(SUPPLIED RECORDS begins)
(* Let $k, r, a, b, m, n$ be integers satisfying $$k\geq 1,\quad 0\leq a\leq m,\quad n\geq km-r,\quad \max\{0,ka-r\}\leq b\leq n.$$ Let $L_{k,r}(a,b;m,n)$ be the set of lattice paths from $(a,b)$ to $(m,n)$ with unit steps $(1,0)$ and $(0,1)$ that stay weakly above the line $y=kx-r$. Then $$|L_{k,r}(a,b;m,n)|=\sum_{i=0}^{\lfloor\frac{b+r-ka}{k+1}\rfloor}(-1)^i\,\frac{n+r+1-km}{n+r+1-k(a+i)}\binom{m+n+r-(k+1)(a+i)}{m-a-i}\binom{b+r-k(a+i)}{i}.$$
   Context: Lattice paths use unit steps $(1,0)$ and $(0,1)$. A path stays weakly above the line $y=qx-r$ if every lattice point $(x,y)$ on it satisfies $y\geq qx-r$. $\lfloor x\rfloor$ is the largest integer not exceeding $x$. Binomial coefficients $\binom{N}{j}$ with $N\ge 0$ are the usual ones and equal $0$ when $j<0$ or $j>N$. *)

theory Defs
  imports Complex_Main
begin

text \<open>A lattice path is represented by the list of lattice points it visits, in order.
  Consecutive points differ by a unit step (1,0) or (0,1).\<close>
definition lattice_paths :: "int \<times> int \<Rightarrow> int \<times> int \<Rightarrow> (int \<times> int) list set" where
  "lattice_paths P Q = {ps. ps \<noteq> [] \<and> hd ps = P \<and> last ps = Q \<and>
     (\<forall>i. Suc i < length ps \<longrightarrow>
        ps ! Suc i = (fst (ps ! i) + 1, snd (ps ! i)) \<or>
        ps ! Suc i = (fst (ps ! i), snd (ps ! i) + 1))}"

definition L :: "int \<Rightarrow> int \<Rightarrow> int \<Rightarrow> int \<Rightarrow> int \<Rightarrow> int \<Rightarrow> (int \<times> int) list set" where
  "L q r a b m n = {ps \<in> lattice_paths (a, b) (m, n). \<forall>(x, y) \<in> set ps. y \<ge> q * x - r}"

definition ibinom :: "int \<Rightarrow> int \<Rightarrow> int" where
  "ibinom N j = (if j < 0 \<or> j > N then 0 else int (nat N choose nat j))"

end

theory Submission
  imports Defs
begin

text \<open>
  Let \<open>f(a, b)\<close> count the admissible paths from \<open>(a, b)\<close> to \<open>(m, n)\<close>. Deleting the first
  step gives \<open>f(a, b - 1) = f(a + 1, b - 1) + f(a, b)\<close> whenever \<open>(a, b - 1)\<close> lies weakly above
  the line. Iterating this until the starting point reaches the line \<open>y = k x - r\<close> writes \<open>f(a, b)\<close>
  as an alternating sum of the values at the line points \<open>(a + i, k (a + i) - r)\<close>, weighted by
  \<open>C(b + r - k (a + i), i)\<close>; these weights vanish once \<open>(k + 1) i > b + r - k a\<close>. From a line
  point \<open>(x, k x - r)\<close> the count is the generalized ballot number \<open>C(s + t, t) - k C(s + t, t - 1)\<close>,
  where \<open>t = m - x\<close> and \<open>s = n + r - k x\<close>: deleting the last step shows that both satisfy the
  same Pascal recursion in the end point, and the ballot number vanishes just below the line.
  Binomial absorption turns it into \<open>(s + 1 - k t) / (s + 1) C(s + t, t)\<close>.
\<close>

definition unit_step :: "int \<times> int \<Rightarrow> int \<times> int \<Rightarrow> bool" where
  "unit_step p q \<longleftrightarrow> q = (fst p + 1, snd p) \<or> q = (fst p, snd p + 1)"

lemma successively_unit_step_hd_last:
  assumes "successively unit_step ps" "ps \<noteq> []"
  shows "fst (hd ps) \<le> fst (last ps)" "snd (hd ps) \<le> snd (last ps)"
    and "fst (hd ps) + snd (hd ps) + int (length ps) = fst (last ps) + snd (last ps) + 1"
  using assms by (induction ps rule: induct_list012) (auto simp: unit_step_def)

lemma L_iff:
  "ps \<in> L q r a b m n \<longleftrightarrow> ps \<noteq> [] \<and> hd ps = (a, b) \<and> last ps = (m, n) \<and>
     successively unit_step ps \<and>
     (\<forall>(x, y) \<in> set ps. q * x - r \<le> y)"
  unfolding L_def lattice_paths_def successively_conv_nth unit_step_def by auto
(SUPPLIED RECORDS ends)
▶ [INSTRUCTIONS FOR THE TASK] Transcribe the material above word for word.

▶ [WRITTEN RESPONSE]
(* Let $k, r, a, b, m, n$ be integers satisfying $$k\geq 1,\quad 0\leq a\leq m,\quad n\geq km-r,\quad \max\{0,ka-r\}\leq b\leq n.$$ Let $L_{k,r}(a,b;m,n)$ be the set of lattice paths from $(a,b)$ to $(m,n)$ with unit steps $(1,0)$ and $(0,1)$ that stay weakly above the line $y=kx-r$. Then $$|L_{k,r}(a,b;m,n)|=\sum_{i=0}^{\lfloor\frac{b+r-ka}{k+1}\rfloor}(-1)^i\,\frac{n+r+1-km}{n+r+1-k(a+i)}\binom{m+n+r-(k+1)(a+i)}{m-a-i}\binom{b+r-k(a+i)}{i}.$$
   Context: Lattice paths use unit steps $(1,0)$ and $(0,1)$. A path stays weakly above the line $y=qx-r$ if every lattice point $(x,y)$ on it satisfies $y\geq qx-r$. $\lfloor x\rfloor$ is the largest integer not exceeding $x$. Binomial coefficients $\binom{N}{j}$ with $N\ge 0$ are the usual ones and equal $0$ when $j<0$ or $j>N$. *)

theory Defs
  imports Complex_Main
begin

text \<open>A lattice path is represented by the list of lattice points it visits, in order.
  Consecutive points differ by a unit step (1,0) or (0,1).\<close>
definition lattice_paths :: "int \<times> int \<Rightarrow> int \<times> int \<Rightarrow> (int \<times> int) list set" where
  "lattice_paths P Q = {ps. ps \<noteq> [] \<and> hd ps = P \<and> last ps = Q \<and>
     (\<forall>i. Suc i < length ps \<longrightarrow>
        ps ! Suc i = (fst (ps ! i) + 1, snd (ps ! i)) \<or>
        ps ! Suc i = (fst (ps ! i), snd (ps ! i) + 1))}"

definition L :: "int \<Rightarrow> int \<Rightarrow> int \<Rightarrow> int \<Rightarrow> int \<Rightarrow> int \<Rightarrow> (int \<times> int) list set" where
  "L q r a b m n = {ps \<in> lattice_paths (a, b) (m, n). \<forall>(x, y) \<in> set ps. y \<ge> q * x - r}"

definition ibinom :: "int \<Rightarrow> int \<Rightarrow> int" where
  "ibinom N j = (if j < 0 \<or> j > N then 0 else int (nat N choose nat j))"

end

theory Submission
  imports Defs
begin

text \<open>
  Let \<open>f(a, b)\<close> count the admissible paths from \<open>(a, b)\<close> to \<open>(m, n)\<close>. Deleting the first
  step gives \<open>f(a, b - 1) = f(a + 1, b - 1) + f(a, b)\<close> whenever \<open>(a, b - 1)\<close> lies weakly above
  the line. Iterating this until the starting point reaches the line \<open>y = k x - r\<close> writes \<open>f(a, b)\<close>
  as an alternating sum of the values at the line points \<open>(a + i, k (a + i) - r)\<close>, weighted by
  \<open>C(b + r - k (a + i), i)\<close>; these weights vanish once \<open>(k + 1) i > b + r - k a\<close>. From a line
  point \<open>(x, k x - r)\<close> the count is the generalized ballot number \<open>C(s + t, t) - k C(s + t, t - 1)\<close>,
  where \<open>t = m - x\<close> and \<open>s = n + r - k x\<close>: deleting the last step shows that both satisfy the
  same Pascal recursion in the end point, and the ballot number vanishes just below the line.
  Binomial absorption turns it into \<open>(s + 1 - k t) / (s + 1) C(s + t, t)\<close>.
\<close>

definition unit_step :: "int \<times> int \<Rightarrow> int \<times> int \<Rightarrow> bool" where
  "unit_step p q \<longleftrightarrow> q = (fst p + 1, snd p) \<or> q = (fst p, snd p + 1)"

lemma successively_unit_step_hd_last:
  assumes "successively unit_step ps" "ps \<noteq> []"
  shows "fst (hd ps) \<le> fst (last ps)" "snd (hd ps) \<le> snd (last ps)"
    and "fst (hd ps) + snd (hd ps) + int (length ps) = fst (last ps) + snd (last ps) + 1"
  using assms by (induction ps rule: induct_list012) (auto simp: unit_step_def)

lemma L_iff:
  "ps \<in> L q r a b m n \<longleftrightarrow> ps \<noteq> [] \<and> hd ps = (a, b) \<and> last ps = (m, n) \<and>
     successively unit_step ps \<and>
     (\<forall>(x, y) \<in> set ps. q * x - r \<le> y)"
  unfolding L_def lattice_paths_def successively_conv_nth unit_step_def by auto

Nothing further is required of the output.